We occasionally recommend option trades designed so that even the village idiot could hope to make money on them. These minutely detailed “Pick of the Day” selections are intended to make back one’s annual subscription cost at the very least, but also to help traders get over whatever trauma they may have suffered trying to profit with puts and calls. This is quite a feat, even for us — and we’ve been at it for more than 35 years. Truth to tell, it takes every trick we’ve learned over that time to string together a few easy winners. Our approach is not hit-or-miss, and we shun the common practice of putting out many recommendations in hopes that perhaps one or two will hit. We’d rather that every trade make money, even if we’ve fallen short of that goal in practice. Our approach emphasizes quality over quantity, and this means “Pick of the Day” trades are offered only when an opportunity looks unbeatable. (If you don’t subscribe but would like to verify for yourself how well these trades have fared, we would encourage you to take a risk-free seven-day trial to Rick’s Picks by clicking here. That will give you access to a chat room where you can query the subscribers themselves.)

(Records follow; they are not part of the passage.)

lemma positive_solution_Ioc_iff:
  "positive_solution {a<..b} g (\<lambda>u. - r u) b y0 \<phi> \<longleftrightarrow>
    continuous_on {a<..b} \<phi> \<and>
    (\<forall>u\<in>{a<..<b}. \<exists>d. (\<phi> has_real_derivative d) (at u) \<and> d * \<phi> u - g u * \<phi> u = r u) \<and>
    \<phi> b = y0 \<and> (\<forall>u\<in>{a<..b}. \<phi> u > 0)"
proof -
  have "(\<exists>d. (\<phi> has_real_derivative d) (at u) \<and> d * \<phi> u - g u * \<phi> u = r u) \<longleftrightarrow>
      (\<phi> has_real_derivative g u - - r u / \<phi> u) (at u)" if "\<phi> u > 0" for u
  proof -
    have "d * \<phi> u - g u * \<phi> u = r u \<longleftrightarrow> d = g u - - r u / \<phi> u" for d
      using that by (auto simp: field_simps)
    then show ?thesis
      by auto
  qed
  then show ?thesis
    unfolding positive_solution_def interior_lessThanAtMost by fastforce
qed

lemma abel_equation_exists_unique:
  assumes "a < b" "continuous_on {a<..b} g" "continuous_on {a<..b} r"
    and "\<And>u. u \<in> {a<..b} \<Longrightarrow> r u < 0" "y0 > 0"
  shows "\<exists>\<psi>. (continuous_on {a<..b} \<psi> \<and>
      (\<forall>u\<in>{a<..<b}. \<exists>d. (\<psi> has_real_derivative d) (at u) \<and> d * \<psi> u - g u * \<psi> u = r u) \<and>
      \<psi> b = y0 \<and> (\<forall>u\<in>{a<..b}. \<psi> u > 0)) \<and>
    (\<forall>\<phi>. (continuous_on {a<..b} \<phi> \<and>
      (\<forall>u\<in>{a<..<b}. \<exists>d. (\<phi> has_real_derivative d) (at u) \<and> d * \<phi> u - g u * \<phi> u = r u) \<and>
      \<phi> b = y0 \<and> (\<forall>u\<in>{a<..b}. \<phi> u > 0)) \<longrightarrow> (\<forall>u\<in>{a<..b}. \<phi> u = \<psi> u))"
proof -
  have "\<exists>\<psi>. positive_solution {a<..b} g (\<lambda>u. - r u) b y0 \<psi> \<and>
    (\<forall>\<phi>. positive_solution {a<..b} g (\<lambda>u. - r u) b y0 \<phi> \<longrightarrow> (\<forall>u\<in>{a<..b}. \<phi> u = \<psi> u))"
    using assms by (intro positive_solution_exists_unique continuous_intros) auto
  then show ?thesis
    unfolding positive_solution_Ioc_iff .
qed

section \<open>The equation of the SEIR model\<close>

lemma affine_plus_ln_pos:
  fixes a b u c0 c1 \<gamma> :: real
  assumes "0 < a" "u \<in> {a<..b}" "\<gamma> \<ge> 0"
    and "c0 + c1 * a + \<gamma> * ln a \<ge> 0" "c0 + c1 * b + \<gamma> * ln b > 0"
  shows "c0 + c1 * u + \<gamma> * ln u > 0"
proof -
  define t where "t = (u - a) / (b - a)"
  have "a < b"
    using assms(2) by simp
  then have t: "0 < t" "t \<le> 1"
    using assms(2) by (auto simp: t_def divide_le_eq_1)
  have "t * (b - a) = u - a"
    using \<open>a < b\<close> by (simp add: t_def)
  then have u: "u = (1 - t) * a + t * b"
    by (auto simp: left_diff_distrib right_diff_distrib)
  have "(1 - t) * ln a + t * ln b \<le> ln u"
    using concave_onD[OF ln_concave, of t a b] t u assms(1,2) by simp
  then have "(1 - t) * (c0 + c1 * a + \<gamma> * ln a) + t * (c0 + c1 * b + \<gamma> * ln b) \<le> c0 + c1 * u + \<gamma> * ln u"
    using mult_left_mono[OF _ \<open>\<gamma> \<ge> 0\<close>] u by (fastforce simp: algebra_simps)
  moreover have "(1 - t) * (c0 + c1 * a + \<gamma> * ln a) + t * (c0 + c1 * b + \<gamma> * ln b) > 0"
    using t assms(4,5) mult_pos_pos[of t "c0 + c1 * b + \<gamma> * ln b"]
      mult_nonneg_nonneg[of "1 - t" "c0 + c1 * a + \<gamma> * ln a"] by linarith
  ultimately show ?thesis
    by linarith
qed

lemma forcing_term_pos:
  fixes \<beta> \<gamma> S E I R N \<alpha> u :: real
  assumes "\<beta> > 0" "\<gamma> > 0" "N = S + E + I + R" "E + I > 0"
    and alpha_eq: "\<alpha> = N - S * exp ((\<beta> / \<gamma>) * R) * exp (- (\<beta> / \<gamma>) * \<alpha>)"
    and u: "u \<in> {exp (- (\<beta> / \<gamma>) * \<alpha>)<..exp (- (\<beta> / \<gamma>) * R)}"
  shows "\<beta> * N - \<beta> * S * exp ((\<beta> / \<gamma>) * R) * u + \<gamma> * ln u > 0"
proof -
  define a where "a = exp (- (\<beta> / \<gamma>) * \<alpha>)"
  define b where "b = exp (- (\<beta> / \<gamma>) * R)"
  define F where "F u = \<beta> * N + (- \<beta> * S * exp ((\<beta> / \<gamma>) * R)) * u + \<gamma> * ln u" for u
  have F_eq: "F u = \<beta> * N - \<beta> * (S * exp ((\<beta> / \<gamma>) * R) * u) + \<gamma> * ln u" for u
    unfolding F_def by (simp only: mult.assoc mult_minus_left diff_conv_add_uminus)
  have "S * exp ((\<beta> / \<gamma>) * R) * a = N - \<alpha>" "\<gamma> * ln a = - \<beta> * \<alpha>"
    using alpha_eq \<open>\<gamma> > 0\<close> by (simp_all add: a_def)
  then have "F a = 0"
    by (simp add: F_eq right_diff_distrib)
  have "S * exp ((\<beta> / \<gamma>) * R) * b = S" "\<gamma> * ln b = - \<beta> * R"
    using \<open>\<gamma> > 0\<close> by (simp_all add: b_def mult.assoc flip: exp_add)
  then have "F b = \<beta> * (E + I)"
    unfolding F_eq by (simp only:) (simp add: \<open>N = S + E + I + R\<close> algebra_simps)
  then have "F b > 0"
    using \<open>\<beta> > 0\<close> \<open>E + I > 0\<close> by simp
  have "0 < a" "u \<in> {a<..b}"
    using u by (simp_all add: a_def b_def)
  with \<open>F a = 0\<close> \<open>F b > 0\<close> have "F u > 0"
    unfolding F_def using \<open>\<gamma> > 0\<close> by (intro affine_plus_ln_pos[of a u b \<gamma>]) simp_all
  then show ?thesis
    by (simp add: F_def)
qed

theorem lemma8:
  fixes \<beta> \<gamma> \<delta> S E I R N \<alpha> :: real
  assumes pos: "\<beta> > 0" "\<gamma> > 0" "\<delta> > 0"
    and N_def: "N = S + E + I + R" and N_pos: "N > 0"
    and A1: "I > 0"
    and A2: "E > (\<gamma> / \<delta>) * I"
    and A3: "S > \<delta> * E / (\<beta> * I)"
    and A4: "R \<ge> 0" "N > S * exp ((\<beta> / \<gamma>) * R) + R"
    and alpha_in: "R < \<alpha>" "\<alpha> < N"
    and alpha_eq: "\<alpha> = N - S * exp ((\<beta> / \<gamma>) * R) * exp (- (\<beta> / \<gamma>) * \<alpha>)"
    and A5: "S < (\<gamma> / \<beta>) * exp ((\<beta> / \<gamma>) * (\<alpha> - R))"
  shows "\<exists>\<psi> :: real \<Rightarrow> real.
     (continuous_on {exp (- (\<beta> / \<gamma>) * \<alpha>)<..exp (- (\<beta> / \<gamma>) * R)} \<psi>
      \<and> (\<forall>u \<in> {exp (- (\<beta> / \<gamma>) * \<alpha>)<..<exp (- (\<beta> / \<gamma>) * R)}.
           \<exists>d. (\<psi> has_real_derivative d) (at u) \<and>
               d * \<psi> u - ((\<gamma> + \<delta>) / u) * \<psi> u
                 = - \<delta> * ((\<beta> * N - \<beta> * S * exp ((\<beta> / \<gamma>) * R) * u + \<gamma> * ln u) / u))
      \<and> \<psi> (exp (- (\<beta> / \<gamma>) * R)) = \<beta> * I
      \<and> (\<forall>u \<in> {exp (- (\<beta> / \<gamma>) * \<alpha>)<..exp (- (\<beta> / \<gamma>) * R)}. \<psi> u > 0))
   \<and> (\<forall>\<phi> :: real \<Rightarrow> real.
       (continuous_on {exp (- (\<beta> / \<gamma>) * \<alpha>)<..exp (- (\<beta> / \<gamma>) * R)} \<phi>
        \<and> (\<forall>u \<in> {exp (- (\<beta> / \<gamma>) * \<alpha>)<..<exp (- (\<beta> / \<gamma>) * R)}.
             \<exists>d. (\<phi> has_real_derivative d) (at u) \<and>
                 d * \<phi> u - ((\<gamma> + \<delta>) / u) * \<phi> u
                   = - \<delta> * ((\<beta> * N - \<beta> * S * exp ((\<beta> / \<gamma>) * R) * u + \<gamma> * ln u) / u))
        \<and> \<phi> (exp (- (\<beta> / \<gamma>) * R)) = \<beta> * I
        \<and> (\<forall>u \<in> {exp (- (\<beta> / \<gamma>) * \<alpha>)<..exp (- (\<beta> / \<gamma>) * R)}. \<phi> u > 0))
       \<longrightarrow> (\<forall>u \<in> {exp (- (\<beta> / \<gamma>) * \<alpha>)<..exp (- (\<beta> / \<gamma>) * R)}. \<phi> u = \<psi> u))"
proof -
  define a where "a = exp (- (\<beta> / \<gamma>) * \<alpha>)"
  define b where "b = exp (- (\<beta> / \<gamma>) * R)"
  have "(\<beta> / \<gamma>) * R < (\<beta> / \<gamma>) * \<alpha>"
    using pos alpha_in by (intro mult_strict_left_mono) auto
  then have "0 < a" "a < b"
    by (simp_all add: a_def b_def)
  have "E + I > 0"
    using A1 A2 pos by (smt (verit) divide_pos_pos mult_pos_pos)
  show ?thesis
    unfolding a_def[symmetric] b_def[symmetric]
  proof (rule abel_equation_exists_unique[OF \<open>a < b\<close>])
    show "continuous_on {a<..b} (\<lambda>u. (\<gamma> + \<delta>) / u)"
      using \<open>0 < a\<close> by (intro continuous_intros) auto
    show "continuous_on {a<..b} (\<lambda>u. - \<delta> * ((\<beta> * N - \<beta> * S * exp ((\<beta> / \<gamma>) * R) * u + \<gamma> * ln u) / u))"
      using \<open>0 < a\<close> by (intro continuous_intros) auto
    show "- \<delta> * ((\<beta> * N - \<beta> * S * exp ((\<beta> / \<gamma>) * R) * u + \<gamma> * ln u) / u) < 0"
      if u: "u \<in> {a<..b}" for u
    proof -
      have "u > 0"
        using u \<open>0 < a\<close> by simp
      moreover have "\<beta> * N - \<beta> * S * exp ((\<beta> / \<gamma>) * R) * u + \<gamma> * ln u > 0"
        using forcing_term_pos[OF pos(1,2) N_def \<open>E + I > 0\<close> alpha_eq, of u] u by (simp add: a_def b_def)
      ultimately show ?thesis
        using pos(3) by (intro mult_neg_pos divide_pos_pos) auto
    qed
  qed (use pos A1 in simp)
qed

end
lemma finite_family_attains_sup:
  fixes f :: "'i \<Rightarrow> 'a::topological_space \<Rightarrow> real"
  assumes "finite I" "\<And>i. i \<in> I \<Longrightarrow> compact (C i)" "\<And>i. i \<in> I \<Longrightarrow> continuous_on (C i) (f i)"
    and "\<exists>i\<in>I. C i \<noteq> {}"
  shows "\<exists>i\<in>I. \<exists>x\<in>C i. \<forall>j\<in>I. \<forall>y\<in>C j. f j y \<le> f i x"
proof -
  define J where "J = {i\<in>I. C i \<noteq> {}}"
  have "\<forall>i\<in>J. \<exists>x. x \<in> C i \<and> (\<forall>y\<in>C i. f i y \<le> f i x)"
  proof
    fix i assume "i \<in> J"
    then have "\<exists>x\<in>C i. \<forall>y\<in>C i. f i y \<le> f i x"
      using assms(2,3) by (intro continuous_attains_sup) (auto simp: J_def)
    then show "\<exists>x. x \<in> C i \<and> (\<forall>y\<in>C i. f i y \<le> f i x)"
      by blast
  qed
  from bchoice[OF this] obtain m where m: "\<forall>i\<in>J. m i \<in> C i \<and> (\<forall>y\<in>C i. f i y \<le> f i (m i))"
    by blast
  let ?M = "Max ((\<lambda>j. f j (m j)) ` J)"
  have "finite J" "J \<noteq> {}"
    using assms(1,4) by (auto simp: J_def)
  then have "?M \<in> (\<lambda>j. f j (m j)) ` J"
    by (intro Max_in) auto
  then obtain i where i: "i \<in> J" "f i (m i) = ?M"
    by (metis imageE)
  have "f j y \<le> f i (m i)" if "j \<in> I" "y \<in> C j" for j y
  proof -
    have "j \<in> J" using that by (auto simp: J_def)
    then have "f j (m j) \<le> ?M"
      using \<open>finite J\<close> by (intro Max_ge) auto
    moreover have "f j y \<le> f j (m j)"
      using m \<open>j \<in> J\<close> that(2) by blast
    ultimately show ?thesis
      using i(2) by linarith
  qed
  moreover have "i \<in> I" "m i \<in> C i"
    using i(1) m by (auto simp: J_def)
  ultimately show ?thesis
    by blast
qed

lemma sender_util_attained_injective:
  assumes "1 \<le> n" "k \<le> n" and psi: "scheme Theta k psi"
  obtains b phi where "b \<in> {..<k} \<rightarrow>\<^sub>E {1..n}" "inj_on b {..<k}" "phi \<in> clipped_schemes Theta k"
    "obedient n k Theta q rho phi b" "rec_value k Theta q xi phi b = sender_util n k Theta q rho xi psi"
proof -
  obtain a where a: "\<forall>s<k. a s \<in> {1..n}" "obedient n k Theta q rho psi a"
    "rec_value k Theta q xi psi a = sender_util n k Theta q rho xi psi"
    by (rule sender_util_attained[OF assms(1)])
  obtain psi' b where b: "scheme Theta k psi'" "\<forall>s<k. b s \<in> {1..n}" "inj_on b {..<k}"
    "obedient n k Theta q rho psi' b" "rec_value k Theta q xi psi' b = rec_value k Theta q xi psi a"
    by (rule obedient_injective_exists[OF psi a(1,2) assms(2)])
  show ?thesis
  proof
    show "restrict b {..<k} \<in> {..<k} \<rightarrow>\<^sub>E {1..n}" "inj_on (restrict b {..<k}) {..<k}"
      using b(2,3) by (simp_all add: inj_on_def)
    show "clip_scheme Theta k psi' \<in> clipped_schemes Theta k"
      using clip_scheme_in_clipped_schemes[OF b(1)] .
    show "obedient n k Theta q rho (clip_scheme Theta k psi') (restrict b {..<k})"
      using b(4) by (simp add: obedient_clip_scheme obedient_restrict)
    show "rec_value k Theta q xi (clip_scheme Theta k psi') (restrict b {..<k})
        = sender_util n k Theta q rho xi psi"
      using a(3) b(5) by (simp add: rec_value_clip_scheme rec_value_restrict)
  qed
qed
lemma nn_integral_le_dominating_measure:
  assumes sets: "sets N = sets M"
    and dom: "\<And>A. A \<in> sets M \<Longrightarrow> emeasure N A \<le> ennreal c * emeasure M A"
    and f: "f \<in> borel_measurable M"
  shows "(\<integral>\<^sup>+x. f x \<partial>N) \<le> ennreal c * (\<integral>\<^sup>+x. f x \<partial>M)"
proof -
  have "emeasure N A \<le> emeasure (scale_measure (ennreal c) M) A" for A
    using dom[of A] sets by (cases "A \<in> sets M") (simp_all add: emeasure_notin_sets)
  moreover have "space N = space M"
    using sets by (rule sets_eq_imp_space_eq)
  ultimately have "N \<le> scale_measure (ennreal c) M"
    using sets by (simp add: le_measure_iff le_fun_def space_scale_measure)
  then have "(\<integral>\<^sup>+x. f x \<partial>N) \<le> (\<integral>\<^sup>+x. f x \<partial>scale_measure (ennreal c) M)"
    using sets by (intro nn_integral_mono_measure) simp_all
  also have "\<dots> = ennreal c * (\<integral>\<^sup>+x. f x \<partial>M)"
    using f by (rule nn_integral_scale_measure)
  finally show ?thesis .
qed

lemma integrable_dominating_measure:
  fixes f :: "'a \<Rightarrow> real"
  assumes sets: "sets N = sets M"
    and dom: "\<And>A. A \<in> sets M \<Longrightarrow> emeasure N A \<le> ennreal c * emeasure M A"
    and f: "integrable M f"
  shows "integrable N f"
proof -
  have meas: "f \<in> borel_measurable M" and fin: "(\<integral>\<^sup>+x. ennreal (norm (f x)) \<partial>M) < \<infinity>"
    using f by (simp_all add: integrable_iff_bounded)
  have "(\<integral>\<^sup>+x. ennreal (norm (f x)) \<partial>N) \<le> ennreal c * (\<integral>\<^sup>+x. ennreal (norm (f x)) \<partial>M)"
    using meas by (intro nn_integral_le_dominating_measure[OF sets dom]) simp_all
  also have "\<dots> < \<infinity>"
    using fin by (simp add: ennreal_mult_less_top)
  finally show ?thesis
    using meas sets by (simp add: integrable_iff_bounded cong: measurable_cong_sets)
qed

lemma borel_measurable_loc_integrable:
  fixes f :: "'a::metric_space \<Rightarrow> real"
  assumes sets: "sets M = sets borel" and f: "loc_integrable M f"
  shows "f \<in> borel_measurable borel"
proof (rule borel_measurable_LIMSEQ_real)
  fix n :: nat
  have "(\<lambda>x. indicator (cball undefined (real n)) x *\<^sub>R f x) \<in> borel_measurable M"
    using f unfolding loc_integrable_def set_integrable_def by blast
  then show "(\<lambda>x. indicator (cball undefined (real n)) x *\<^sub>R f x) \<in> borel_measurable borel"
    using sets by (simp cong: measurable_cong_sets)
next
  fix x :: 'a
  obtain n0 :: nat where "dist undefined x \<le> real n0"
    using real_arch_simple by blast
  then have "\<forall>\<^sub>F n in sequentially. indicator (cball undefined (real n)) x *\<^sub>R f x = f x"
    by (intro eventually_sequentiallyI[of n0]) (auto simp: indicator_def)
  then show "(\<lambda>n. indicator (cball undefined (real n)) x *\<^sub>R f x) \<longlonglongrightarrow> f x"
    by (rule tendsto_eventually)
qed

lemma integrable_indicator_abs_diff:
  fixes f :: "'a \<Rightarrow> real"
  assumes "set_integrable M G f" "G \<in> sets M" "emeasure M G < \<infinity>"
  shows "integrable M (\<lambda>x. indicator G x * \<bar>f x - c\<bar>)"
proof -
  have "integrable M (\<lambda>x. \<bar>indicator G x * f x - c * indicator G x\<bar>)"
    using assms unfolding set_integrable_def
    by (intro integrable_abs integrable_diff integrable_mult_right) auto
  moreover have "(\<lambda>x. \<bar>indicator G x * f x - c * indicator G x\<bar>) = (\<lambda>x. indicator G x * \<bar>f x - c\<bar>)"
    by (auto simp: indicator_def)
  ultimately show ?thesis
    by simp
qed

lemma Av_nonneg: "(\<And>x. x \<in> G \<Longrightarrow> 0 \<le> h x) \<Longrightarrow> 0 \<le> Av M G h"
  unfolding Av_def by (auto intro!: integral_nonneg_AE AE_I2 simp: indicator_def)

lemma Av_le_Av_add_const:
  fixes h h' :: "'a \<Rightarrow> real"
  assumes G: "G \<in> sets M" and a: "0 \<le> a"
    and le: "\<And>x. x \<in> G \<Longrightarrow> h x \<le> h' x + a"
    and h': "\<And>x. x \<in> G \<Longrightarrow> 0 \<le> h' x"
    and int: "emeasure M G < \<infinity> \<Longrightarrow> integrable M (\<lambda>x. indicator G x * h' x)"
  shows "Av M G h \<le> Av M G h' + a"
proof (cases "0 < emeasure M G \<and> emeasure M G < \<infinity>")
  case False
  then have "Av M G h = 0"
    by (auto simp: Av_def measure_def less_top[symmetric])
  then show ?thesis
    using Av_nonneg[of G h' M] h' a by simp
next
  case True
  then have mG: "0 < measure M G"
    by (simp add: measure_def enn2real_positive_iff)
  have int_a: "integrable M (\<lambda>x. a * indicator G x)"
    using G True by simp
  have "(\<integral>x. indicator G x * h x \<partial>M) \<le> (\<integral>x. indicator G x * h' x + a * indicator G x \<partial>M)"
    using le h' a int True int_a by (intro integral_mono') (auto simp: indicator_def)
  also have "\<dots> = (\<integral>x. indicator G x * h' x \<partial>M) + a * measure M G"
    using int True int_a G by (simp add: Bochner_Integration.integral_add)
  finally have "(\<integral>x. indicator G x * h x \<partial>M) / measure M G \<le>
      ((\<integral>x. indicator G x * h' x \<partial>M) + a * measure M G) / measure M G"
    using mG by (rule divide_right_mono[OF _ less_imp_le])
  then show ?thesis
    using True mG by (simp add: Av_def add_divide_distrib)
qed

lemma Av_Av_abs_diff_le:
  fixes f :: "'a \<Rightarrow> real"
  assumes Gi: "Gi \<in> sets Hi" and Gj: "Gj \<in> sets Hj"
    and int_i: "emeasure Hi Gi < \<infinity> \<Longrightarrow> integrable Hi (\<lambda>x. indicator Gi x * \<bar>f x - c\<bar>)"
    and int_j: "emeasure Hj Gj < \<infinity> \<Longrightarrow> integrable Hj (\<lambda>x. indicator Gj x * \<bar>f x - c\<bar>)"
  shows "Av Hi Gi (\<lambda>y. Av Hj Gj (\<lambda>z. \<bar>f y - f z\<bar>))
    \<le> Av Hi Gi (\<lambda>x. \<bar>f x - c\<bar>) + Av Hj Gj (\<lambda>x. \<bar>f x - c\<bar>)"
proof (rule Av_le_Av_add_const[OF Gi])
  fix y
  have "Av Hj Gj (\<lambda>z. \<bar>f y - f z\<bar>) \<le> Av Hj Gj (\<lambda>x. \<bar>f x - c\<bar>) + \<bar>f y - c\<bar>"
    by (rule Av_le_Av_add_const[OF Gj]) (auto intro: int_j split: abs_split)
  then show "Av Hj Gj (\<lambda>z. \<bar>f y - f z\<bar>) \<le> \<bar>f y - c\<bar> + Av Hj Gj (\<lambda>x. \<bar>f x - c\<bar>)"
    by simp
qed (auto intro: Av_nonneg int_i)

lemma Av_le_set_integral_div:
  fixes g :: "'a \<Rightarrow> real"
  assumes g: "\<And>x. 0 \<le> g x" and a: "0 < a" "ennreal a \<le> emeasure H G"
  shows "Av H G g \<le> (\<integral>x. indicator G x * g x \<partial>H) / a"
proof -
  have I: "0 \<le> (\<integral>x. indicator G x * g x \<partial>H)"
    using g by (intro integral_nonneg_AE AE_I2 mult_nonneg_nonneg) simp_all
  show ?thesis
  proof (cases "emeasure H G = \<infinity>")
    case True
    then show ?thesis
      using I a by (simp add: Av_def measure_def)
  next
    case False
    then have "emeasure H G = ennreal (measure H G)"
      by (simp add: emeasure_eq_ennreal_measure)
    then have "a \<le> measure H G"
      using a by (simp add: ennreal_le_iff)
    then show ?thesis
      using a I by (simp add: Av_def divide_left_mono)
  qed
qed

lemma set_integral_le_mult_Av:
  fixes g :: "'a \<Rightarrow> real"
  assumes B: "B \<in> sets M" and g: "\<And>x. 0 \<le> g x" and b: "0 \<le> b" "emeasure M B \<le> ennreal b"
  shows "(\<integral>x. indicator B x * g x \<partial>M) \<le> b * Av M B g"
proof (cases "emeasure M B = 0")
  case True
  then have "AE x in M. indicator B x * g x = 0"
    using B by (auto intro: AE_mp[OF AE_not_in] simp: null_setsI)
  then show ?thesis
    using b g by (simp add: integral_eq_zero_AE Av_nonneg)
next
  case False
  have "emeasure M B = ennreal (measure M B)"
    using b(2) by (metis emeasure_eq_ennreal_measure ennreal_neq_top top_unique)
  then have mB: "0 < measure M B" "measure M B \<le> b"
    using False b by (auto simp: ennreal_le_iff zero_less_measure_iff)
  then have "(\<integral>x. indicator B x * g x \<partial>M) = measure M B * Av M B g"
    using False by (simp add: Av_def)
  also have "\<dots> \<le> b * Av M B g"
    using mB g by (intro mult_right_mono Av_nonneg) auto
  finally show ?thesis .
qed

An current example is a trade we’ve got on in Silver Wheaton, a favorite in the Rick’s Picks chat room because the stock offers a direct play on silver. The trade is being done in three stages because we have found that it is very nearly impossible to make money using simple, directional trades in which one buys, say, a call option in anticipation of a rally in the underlying stock. We have never met a trader who has made money over time using this tactic. Here’s the way we do it instead: 1) Buy the call option when the stock falls to a targeted low. We did this in Silver Wheaton last week, buying sixteen December 12.50 calls for an average 0.45 apiece when the stock briefly turned weak. Then, 2) yesterday, when Silver Wheaton rallied sharply, we sold half (8) of the calls for 0.75. This reduced our cost basis for the eight calls that remain to 0.15. (Our unrealized gain is $560, since the options settled at 0.80 yesterday.) Finally, 3) we will try to short eight December 15 calls if and when they reach a price of 0.45. (They closed yesterday at 0.30 bid). If successful, we will have legged into the December 12.50-15.00 vertical call spread at no cost. That means we would have zero risk and the potential to make $2000 if Silver Wheaton is trading $15 or higher come December 18, when the options expire.
Pros Hold the Aces, But…
The key idea here is that, with options, a buy-and-hold strategy almost never succeeds. Option positions have to be “worked,” and the best way we’ve found to do this is by buying options when they are cheap, then short-selling other options against them when they are at the moment of their juiciest ripeness. To accomplish this, we use Hidden Pivot targets to predict precise swing points in the price of the underlying stock. This is our “edge” when we attempt to beat professional option traders who otherwise enjoy innumerable advantages over the retail customer. The pros may hold all of the aces, but that still leaves us with 48 other cards to work with.